FIG. 3 is a schematic diagram illustrating actual waveforms of the voltages of the connecting lines CL1 - CL4 shown in FIG. 1 according to an embodiment of the present invention. The related operations of the periods T1 , T2 and T3 shown in FIG. 3 may refer to the related descriptions of the periods T1 , T2 and T3 shown in FIG. 2 , and thus will not be repeated. Please refer to FIG. 1 and FIG. 3 . Parasitic capacitances exist between the connection lines CL1 to CL4. Due to the electrical coupling effect, the voltage transitions of the connecting lines CL1 and CL2 will be coupled to the connecting lines CL3 and CL4 in the electrically floating state (or high impedance state) during the period T1, so that the voltages of the connecting lines CL3 and CL4 are equal to each other. Bits are shifted. Similarly, it can be inferred that the voltage transitions of the connecting lines CL3 and CL4 are coupled to the connecting lines CL1 and CL2 in the electrically floating state (or high impedance state) during the period T2, so that the voltage levels of the connecting lines CL1 and CL2 are offset occurs. When the offset of the voltage level of the connecting line is too large, the brightness of the display pixels will be wrong.

Due to the influence of the electrical coupling effect, the voltage level of the connecting line in the electrically floating state (or the high impedance state) is prone to shift. In the following embodiments, the length of the connection lines (eg, connection lines CL1 - CL4 ) between the switching circuit and the output pads will be shortened as much as possible. The shorter the length of the connection line in the electrically floating state (or the high impedance state), the weaker the influence of the electrical coupling effect. The driver integrated circuit 100 can reduce the lengths of the connection lines CL1 - CL4 as much as possible, so as to minimize the influence of the electrical coupling effect on the connection lines in the electrically floating state (or the high impedance state). In other embodiments below, the lengths of a plurality of connecting lines in an electrically floating state (or a high-impedance state) will be clustered as much as possible, so as to minimize the influence of the electrical coupling effect suffered by these connecting lines.

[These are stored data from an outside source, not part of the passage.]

lemma continuous_on_ball_motion:
  "continuous_on ({P. valid_param P} \<times> cball 0 1) (\<lambda>z. ball_motion (fst z) (snd z))"
proof -
  have "continuous_on ({P. valid_param P} \<times> cball 0 1)
      (\<lambda>z::motion_param \<times> v3. (fst (fst z), frame_apply (snd (fst z)) (snd z)))"
    unfolding frame_apply_def by (intro continuous_intros)
  then have "continuous_on ({P. valid_param P} \<times> cball 0 1)
          ((\<lambda>z. mobius_add (fst z) (snd z)) \<circ> (\<lambda>z. (fst (fst z), frame_apply (snd (fst z)) (snd z))))"
    by (rule continuous_on_compose[OF _ continuous_on_subset[OF continuous_on_mobius_add]])
      (auto simp: valid_param_def norm_frame_apply)
  then show ?thesis unfolding ball_motion_def comp_def by simp
qed

lemma continuous_on_ball_motion_right: "valid_param P \<Longrightarrow> continuous_on (cball 0 1) (ball_motion P)"
proof -
  assume P: "valid_param P"
  have "continuous_on (cball 0 1) ((\<lambda>z. ball_motion (fst z) (snd z)) \<circ> Pair P)"
    by (rule continuous_on_compose[OF _ continuous_on_subset[OF continuous_on_ball_motion]])
      (use P in \<open>auto intro: continuous_intros\<close>)
  then show ?thesis by (simp add: comp_def)
qed

lemma phiH_H3_motion: "valid_param P \<Longrightarrow> p \<in> H3 \<Longrightarrow> phiH (H3_motion P p) = ball_motion P (phiH p)"
  unfolding H3_motion_def
  using ball_ne_south_pole[OF norm_ball_motion_less_1[OF _ norm_phiH_less_1]] by simp

lemma H3_motion_in_H3: "valid_param P \<Longrightarrow> p \<in> H3 \<Longrightarrow> H3_motion P p \<in> H3"
  unfolding H3_motion_def by (simp add: phiH_in_H3 norm_ball_motion_less_1 norm_phiH_less_1)

lemma phiS_S_motion: "valid_param P \<Longrightarrow> phiS (S_motion P x) = ball_motion P (phiS x)"
  unfolding S_motion_def by (simp add: norm_ball_motion_eq_1)

lemma ball_conj_motion:
  assumes P: "valid_param P" and X: "norm X \<le> 1"
  shows "ball_conj (H3_motion P) (S_motion P) X = ball_motion P X"
proof (cases "norm X < 1")
  case True
  then show ?thesis
    using phiH_H3_motion[OF P phiH_in_H3[OF True]] ball_ne_south_pole[OF True]
      ball_ne_south_pole[OF norm_ball_motion_less_1[OF P True]]
    by (simp add: ball_conj_ball)
next
  case False
  then have "norm X = 1" using X by simp
  then show ?thesis
    using ball_conj_phiS[of "H3_motion P" "S_motion P" "phiS_inv X"] phiS_S_motion[OF P] by simp
qed

lemma motion_in_Isom:
  assumes P: "valid_param P"
  shows "motion P \<in> Isom"
proof -
  have into: "\<forall>p\<in>H3. H3_motion P p \<in> H3" using H3_motion_in_H3[OF P] by blast
  have "inj_on (H3_motion P) H3"
  proof (rule inj_onI)
    fix p q assume pq: "p \<in> H3" "q \<in> H3" "H3_motion P p = H3_motion P q"
    then have eq: "ball_motion P (phiH p) = ball_motion P (phiH q)"
      using phiH_H3_motion[OF P pq(1)] phiH_H3_motion[OF P pq(2)] by simp
    have "phiH p = phiH q"
      by (rule ball_motion_inj[OF P _ _ eq]) (use norm_phiH_less_1[OF pq(1)] norm_phiH_less_1[OF pq(2)] in auto)
    then show "p = q" using pq H3_ne_south_pole phiH_phiH by metis
  qed
  moreover have "H3 \<subseteq> H3_motion P ` H3"
  proof
    fix q assume q: "q \<in> H3"
    obtain X where X: "norm X < 1" "ball_motion P X = phiH q"
      using ball_motion_surj[OF P norm_phiH_less_1[OF q]] .
    then have "H3_motion P (phiH X) = q"
      using phiH_in_H3[OF X(1)] ball_ne_south_pole[OF X(1)] H3_ne_south_pole[OF q]
      by (simp add: H3_motion_def)
    then show "q \<in> H3_motion P ` H3" using phiH_in_H3[OF X(1)] by blast
  qed
  ultimately have "bij_betw (H3_motion P) H3 H3" using into by (auto simp: bij_betw_def)
  moreover have "hdist (H3_motion P p) (H3_motion P q) = hdist p q" if "p \<in> H3" "q \<in> H3" for p q
    using that into by (simp add: hdist_eq_ball_dist phiH_H3_motion[OF P] ball_dist_ball_motion[OF P]
        norm_phiH_less_1)
  moreover have "bar_continuous (H3_motion P) (S_motion P)"
    unfolding bar_continuous_iff using continuous_on_ball_motion_right[OF P]
    by (rule continuous_on_eq) (simp add: ball_conj_motion[OF P])
  ultimately show ?thesis unfolding Isom_def motion_def H3_motion_def by auto
qed

lemma hdist_H3_motion:
  "valid_param P \<Longrightarrow> p \<in> H3 \<Longrightarrow> q \<in> H3 \<Longrightarrow> hdist (H3_motion P p) (H3_motion P q) = hdist p q"
  using motion_in_Isom[of P] unfolding Isom_def motion_def by auto

lemma eq_motion_if_ball_conj_eq:
  assumes G: "G \<in> extensional H3" "\<forall>p\<in>H3. G p \<in> H3"
    and conj: "\<And>X. norm X \<le> 1 \<Longrightarrow> ball_conj G g X = ball_motion P X"
  shows "(G, g) = motion P"
proof -
  have "G p = H3_motion P p" if "p \<in> H3" for p
    using conj[of "phiH p"] ball_conj_phiH[OF that, of G g] norm_phiH_less_1[OF that]
      phiH_phiH[OF H3_ne_south_pole[OF bspec[OF G(2) that]]]
    by (simp add: H3_motion_def that)
  then have "G = H3_motion P" using G(1) by (intro extensionalityI[of _ H3]) (auto simp: H3_motion_def)
  moreover have "g = S_motion P"
  proof
    fix x
    have "phiS (g x) = ball_motion P (phiS x)" using conj[of "phiS x"] by (simp add: ball_conj_phiS)
    then show "g x = S_motion P x" unfolding S_motion_def by (metis phiS_inv_phiS)
  qed
  ultimately show ?thesis unfolding motion_def by simp
qed

lemma Isom_imp_motion:
  assumes c: "c \<in> Isom"
  obtains P where "valid_param P" "c = motion P"
proof -
  obtain G g where cG: "c = (G, g)" by fastforce
  have G: "G \<in> extensional H3" "\<forall>p\<in>H3. G p \<in> H3"
    and iso: "\<And>p q. p \<in> H3 \<Longrightarrow> q \<in> H3 \<Longrightarrow> hdist (G p) (G q) = hdist p q"
    and cont: "continuous_on (cball 0 1) (ball_conj G g)"
    using c unfolding cG Isom_def bar_continuous_iff bij_betw_def by auto
  define a where "a = phiH (G base_point)"
  have a: "norm a < 1" unfolding a_def by (simp add: G(2) norm_phiH_less_1)
  have conj_ball: "norm (ball_conj G g X) < 1" if "norm X < 1" for X
    using that by (simp add: ball_conj_ball G(2) phiH_in_H3 norm_phiH_less_1)
  have conj_dist: "ball_dist (ball_conj G g X) (ball_conj G g Y) = ball_dist X Y"
    if "norm X < 1" "norm Y < 1" for X Y
    using that iso[OF phiH_in_H3 phiH_in_H3] G(2) ball_ne_south_pole
    by (simp add: ball_conj_ball hdist_eq_ball_dist phiH_in_H3)
  \<comment> \<open>Moving \<open>a\<close> back to \<open>0\<close> leaves an isometry of the ball fixing \<open>0\<close>, hence an orthogonal map.\<close>
  define N where "N X = mobius_add (-a) (ball_conj G g X)" for X
  have "norm (N X) < 1" if "norm X < 1" for X
    unfolding N_def using a conj_ball[OF that] by (simp add: norm_mobius_add_less)
  moreover have "ball_dist (N X) (N Y) = ball_dist X Y" if "norm X < 1" "norm Y < 1" for X Y
    unfolding N_def using a conj_ball that by (simp add: ball_dist_mobius_add conj_dist)
  moreover have "N 0 = 0"
    unfolding N_def a_def using ball_conj_phiH[OF base_point_in_H3, of G g]
    by (simp add: mobius_add_neg_self)
  ultimately obtain F where F: "orthonormal_frame F" "\<And>X. norm X < 1 \<Longrightarrow> N X = frame_apply F X"
    using ball_isometry_fixing_0_eq_frame[of N] by blast
  define P where "P = (a, F)"
  have P: "valid_param P" unfolding P_def valid_param_def using a F(1) by simp
  have on_ball: "ball_conj G g X = ball_motion P X" if "norm X < 1" for X
  proof -
    have "ball_conj G g X = mobius_add a (N X)"
      unfolding N_def using a less_imp_le[OF conj_ball[OF that]] by simp
    then show ?thesis unfolding P_def ball_motion_def F(2)[OF that] by simp
  qed
  have "ball_conj G g X = ball_motion P X" if "norm X \<le> 1" for X
    by (rule continuous_on_cball_eq[of 0 1 "ball_conj G g" "ball_motion P"])
      (use cont continuous_on_ball_motion_right[OF P] that on_ball in auto)
  then show ?thesis using that P eq_motion_if_ball_conj_eq[OF G] unfolding cG by blast
qed

lemma Isom_into_H3: "c \<in> Isom \<Longrightarrow> p \<in> H3 \<Longrightarrow> fst c p \<in> H3"
  unfolding Isom_def bij_betw_def by auto

lemma iso_comp_in_Isom:
  assumes a: "a \<in> Isom" and b: "b \<in> Isom"
  shows "iso_comp a b \<in> Isom"
proof -
  obtain A g where a': "a = (A, g)" by fastforce
  obtain B h where b': "b = (B, h)" by fastforce
  have A: "bij_betw A H3 H3" "\<And>p q. p \<in> H3 \<Longrightarrow> q \<in> H3 \<Longrightarrow> hdist (A p) (A q) = hdist p q"
    "bar_continuous A g" using a unfolding a' Isom_def by auto
  have B: "bij_betw B H3 H3" "\<And>p q. p \<in> H3 \<Longrightarrow> q \<in> H3 \<Longrightarrow> hdist (B p) (B q) = hdist p q"
    "bar_continuous B h" using b unfolding b' Isom_def by auto
  have BH: "\<forall>p\<in>H3. B p \<in> H3" using B(1) by (auto simp: bij_betw_def)
  have "bij_betw (restrict (A \<circ> B) H3) H3 H3"
    using bij_betw_trans[OF B(1) A(1)] by (rule bij_betw_cong[THEN iffD1, rotated]) auto
  moreover have "bar_continuous (restrict (A \<circ> B) H3) (g \<circ> h)"
    using bar_continuous_comp[OF A(3) B(3) BH] by (subst bar_continuous_cong) auto
  ultimately show ?thesis
    unfolding iso_comp_def a' b' Isom_def using A(2) B(2) BH by auto
qed

text \<open>Boundedness for \<open>hdist\<close>, read off in the ball model: the set stays in a ball of radius \<open>< 1\<close>.\<close>

definition hbounded :: "hpt set \<Rightarrow> bool" where
  "hbounded S \<longleftrightarrow> S \<subseteq> H3 \<and> (\<exists>r<1. \<forall>p\<in>S. norm (phiH p) \<le> r)"

lemma compact_imp_hbounded:
  assumes "compact K" "K \<subseteq> H3"
  shows "hbounded K"
proof -
  have "compact (phiH ` K)"
    using compact_continuous_image[OF continuous_on_subset[OF continuous_on_phiH assms(2)] assms(1)] .
  moreover have "phiH ` K \<subseteq> ball 0 1" using assms(2) norm_phiH_less_1 by auto
  ultimately obtain r where "r < 1" "\<And>X. X \<in> phiH ` K \<Longrightarrow> norm X \<le> r"
    using compact_in_ball_norm_bound by blast
  then show ?thesis unfolding hbounded_def using assms(2) by blast
qed

lemma hbounded_subset: "hbounded T \<Longrightarrow> S \<subseteq> T \<Longrightarrow> hbounded S"
  unfolding hbounded_def by blast

lemma hbounded_hdist_bounded:
  assumes "hbounded S" "q \<in> H3"
  obtains R where "\<And>p. p \<in> S \<Longrightarrow> hdist p q \<le> R"
proof -
  obtain r where r: "r < 1" "\<forall>p\<in>S. norm (phiH p) \<le> r" and S: "S \<subseteq> H3"
    using assms(1) unfolding hbounded_def by blast
  obtain R where R: "\<And>X. norm X \<le> r \<Longrightarrow> ball_dist X (phiH q) \<le> R"
    using ball_dist_bounded[OF r(1) norm_phiH_less_1[OF assms(2)]] by blast
  have "hdist p q \<le> R" if "p \<in> S" for p
    using R[of "phiH p"] r(2) that subsetD[OF S that] assms(2) by (simp add: hdist_eq_ball_dist)
  then show ?thesis by (rule that)
qed

lemma hbounded_hdist_neighbourhood:
  assumes "hbounded S"
  shows "hbounded {p \<in> H3. \<exists>q\<in>S. hdist p q \<le> R}"
proof -
  obtain r where r: "r < 1" "\<forall>p\<in>S. norm (phiH p) \<le> r" and S: "S \<subseteq> H3"
    using assms unfolding hbounded_def by blast
  obtain r' where r': "r' < 1"
    "\<And>X Y::v3. norm X < 1 \<Longrightarrow> norm Y \<le> r \<Longrightarrow> ball_dist X Y \<le> R \<Longrightarrow> norm X \<le> r'"
    using norm_bounded_if_ball_dist_bounded[OF r(1)] by blast
  have "norm (phiH p) \<le> r'" if "p \<in> H3" "q \<in> S" "hdist p q \<le> R" for p q
    using r'(2)[OF norm_phiH_less_1[OF that(1)], of "phiH q"] r(2) that subsetD[OF S that(2)]
    by (simp add: hdist_eq_ball_dist)
  then show ?thesis unfolding hbounded_def using r'(1) by blast
qed

lemma hbounded_lipschitz_image:
  assumes S: "hbounded S" and F: "\<forall>p\<in>H3. F p \<in> H3"
    and lip: "\<forall>p\<in>H3. \<forall>q\<in>H3. hdist (F p) (F q) \<le> L * hdist p q"
  shows "hbounded (F ` S)"
proof (cases "S = {}")
  case False
  then obtain q where q: "q \<in> S" by blast
  have SH: "S \<subseteq> H3" using S unfolding hbounded_def by blast
  obtain R where R: "\<And>p. p \<in> S \<Longrightarrow> hdist p q \<le> R"
    using hbounded_hdist_bounded[OF S] q SH by blast
  have "F ` S \<subseteq> {x \<in> H3. \<exists>y\<in>{F q}. hdist x y \<le> \<bar>L\<bar> * R}"
  proof clarsimp
    fix p assume p: "p \<in> S"
    have "hdist (F p) (F q) \<le> L * hdist p q" using lip SH p q by blast
    also have "\<dots> \<le> \<bar>L\<bar> * hdist p q"
      using hdist_nonneg[of p q] SH p q by (intro mult_right_mono) auto
    also have "\<dots> \<le> \<bar>L\<bar> * R" using R[OF p] by (intro mult_left_mono) auto
    finally show "F p \<in> H3 \<and> hdist (F p) (F q) \<le> \<bar>L\<bar> * R" using F SH p by blast
  qed
  moreover have "hbounded {F q}" using F SH q by (intro compact_imp_hbounded) auto
  ultimately show ?thesis using hbounded_subset hbounded_hdist_neighbourhood by blast
qed (simp add: hbounded_def lt_ex)

lemma hbounded_H3_motion_image: "valid_param P \<Longrightarrow> hbounded S \<Longrightarrow> hbounded (H3_motion P ` S)"
  by (rule hbounded_lipschitz_image[where L = 1]) (auto simp: H3_motion_in_H3 hdist_H3_motion)
lemma E_eq_eval_fps:
  assumes "\<tau> \<in> upper_half_plane"
  shows "E2 \<tau> = eval_fps E2_fps (qnome \<tau>)"
    and "E4 \<tau> = eval_fps E4_fps (qnome \<tau>)"
    and "E6 \<tau> = eval_fps E6_fps (qnome \<tau>)"
  using assms
  by (simp_all add: upper_half_plane_def E2_def E4_def E6_def E2_fps_def E4_fps_def E6_fps_def
                    eis_series_eq_eval_fps eval_fps_qnome_simps)

lemma has_field_derivative_qnome_series:
  assumes "1 \<le> fps_conv_radius f"
    and "\<And>t. t \<in> upper_half_plane \<Longrightarrow> g t = eval_fps f (qnome t)"
    and "\<tau> \<in> upper_half_plane"
  shows "(g has_field_derivative 2 * of_real pi * \<i> * eval_fps (fps_theta f) (qnome \<tau>)) (at \<tau>)"
proof (rule has_field_derivative_transform_within_open[OF _ open_upper_half_plane assms(3)])
  show "((\<lambda>t. eval_fps f (qnome t)) has_field_derivative
          2 * of_real pi * \<i> * eval_fps (fps_theta f) (qnome \<tau>)) (at \<tau>)"
    using assms(1,3) by (intro eval_fps_qnome_has_field_derivative) (auto simp: upper_half_plane_def)
qed (use assms(2) in simp)

lemma eval_fps_qnome_fps_theta_E_fps:
  assumes "\<tau> \<in> upper_half_plane"
  shows "eval_fps (fps_theta E2_fps) (qnome \<tau>) = (E2 \<tau> ^ 2 - E4 \<tau>) / 12"
    and "eval_fps (fps_theta E4_fps) (qnome \<tau>) = (E2 \<tau> * E4 \<tau> - E6 \<tau>) / 3"
    and "eval_fps (fps_theta E6_fps) (qnome \<tau>) = (E2 \<tau> * E6 \<tau> - E4 \<tau> ^ 2) / 2"
proof -
  have radius: "1 \<le> fps_conv_radius (fps_theta (E2_fps :: complex fps))"
     "1 \<le> fps_conv_radius (fps_theta (E4_fps :: complex fps))"
     "1 \<le> fps_conv_radius (fps_theta (E6_fps :: complex fps))"
    using fps_conv_radius_E_fps fps_conv_radius_fps_theta by (blast intro: order_trans)+
  have "Im \<tau> > 0"
    using assms by (simp add: upper_half_plane_def)
  note eval = arg_cong[where f = "\<lambda>f. eval_fps f (qnome \<tau>)"]
  show "eval_fps (fps_theta E2_fps) (qnome \<tau>) = (E2 \<tau> ^ 2 - E4 \<tau>) / 12"
    using eval[OF fps_theta_E2_fps] radius \<open>Im \<tau> > 0\<close>
    by (simp add: E_eq_eval_fps[OF assms] eval_fps_qnome_simps power2_eq_square mult.commute)
  show "eval_fps (fps_theta E4_fps) (qnome \<tau>) = (E2 \<tau> * E4 \<tau> - E6 \<tau>) / 3"
    using eval[OF fps_theta_E4_fps] radius \<open>Im \<tau> > 0\<close>
    by (simp add: E_eq_eval_fps[OF assms] eval_fps_qnome_simps mult.commute)
  show "eval_fps (fps_theta E6_fps) (qnome \<tau>) = (E2 \<tau> * E6 \<tau> - E4 \<tau> ^ 2) / 2"
    using eval[OF fps_theta_E6_fps] radius \<open>Im \<tau> > 0\<close>
    by (simp add: E_eq_eval_fps[OF assms] eval_fps_qnome_simps power2_eq_square mult.commute)
qed

lemma has_field_derivative_E2:
  assumes "\<tau> \<in> upper_half_plane"
  shows "(E2 has_field_derivative 2 * of_real pi * \<i> * ((E2 \<tau> ^ 2 - E4 \<tau>) / 12)) (at \<tau>)"
  using has_field_derivative_qnome_series[OF fps_conv_radius_E_fps(1) E_eq_eval_fps(1) assms]
  by (simp add: eval_fps_qnome_fps_theta_E_fps[OF assms])

lemma has_field_derivative_E4:
  assumes "\<tau> \<in> upper_half_plane"
  shows "(E4 has_field_derivative 2 * of_real pi * \<i> * ((E2 \<tau> * E4 \<tau> - E6 \<tau>) / 3)) (at \<tau>)"
  using has_field_derivative_qnome_series[OF fps_conv_radius_E_fps(2) E_eq_eval_fps(2) assms]
  by (simp add: eval_fps_qnome_fps_theta_E_fps[OF assms])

FIG. 4 is a schematic diagram of a layout of the driver IC 100 shown in FIG. 1 according to an embodiment of the present invention. For the embodiment shown in FIG. 4 , reference may be made to the related description of FIG. 1 . The driver IC 100 shown in FIG. 4 includes a pad area 101 and a functional circuit area 102 . In the embodiment shown in FIG. 4 , the output pads P1 - P4 and the switching circuits SW1 - SW2 are arranged in the pad area 101 of the driver IC 100 , and the data channel circuits DCH1 - DCH2 are arranged in the driver IC 100 functional circuit area 102.

The shorter the length of the connection line in the electrically floating state (or the high impedance state), the weaker the influence of the electrical coupling effect. The switching circuit SW1 is close to the output pad P1 and the output pad P3, so as to shorten the connection line CL1 between the switching circuit SW1 and the output pad P1 as much as possible and shorten the connection between the switching circuit SW1 and the output pad P3 as much as possible Line CL3. Similarly, the switching circuit SW2 is close to the output pad P2 and the output pad P4, so as to shorten the connection line CL2 between the switching circuit SW2 and the output pad P2 as much as possible and shorten the switching circuit SW2 and the output pad P4 as much as possible between the connecting line CL4. The driver integrated circuit 100 can reduce the lengths of the connection lines CL1 - CL4 as much as possible, so as to minimize the influence of the electrical coupling effect on the connection lines in the electrically floating state (or the high impedance state).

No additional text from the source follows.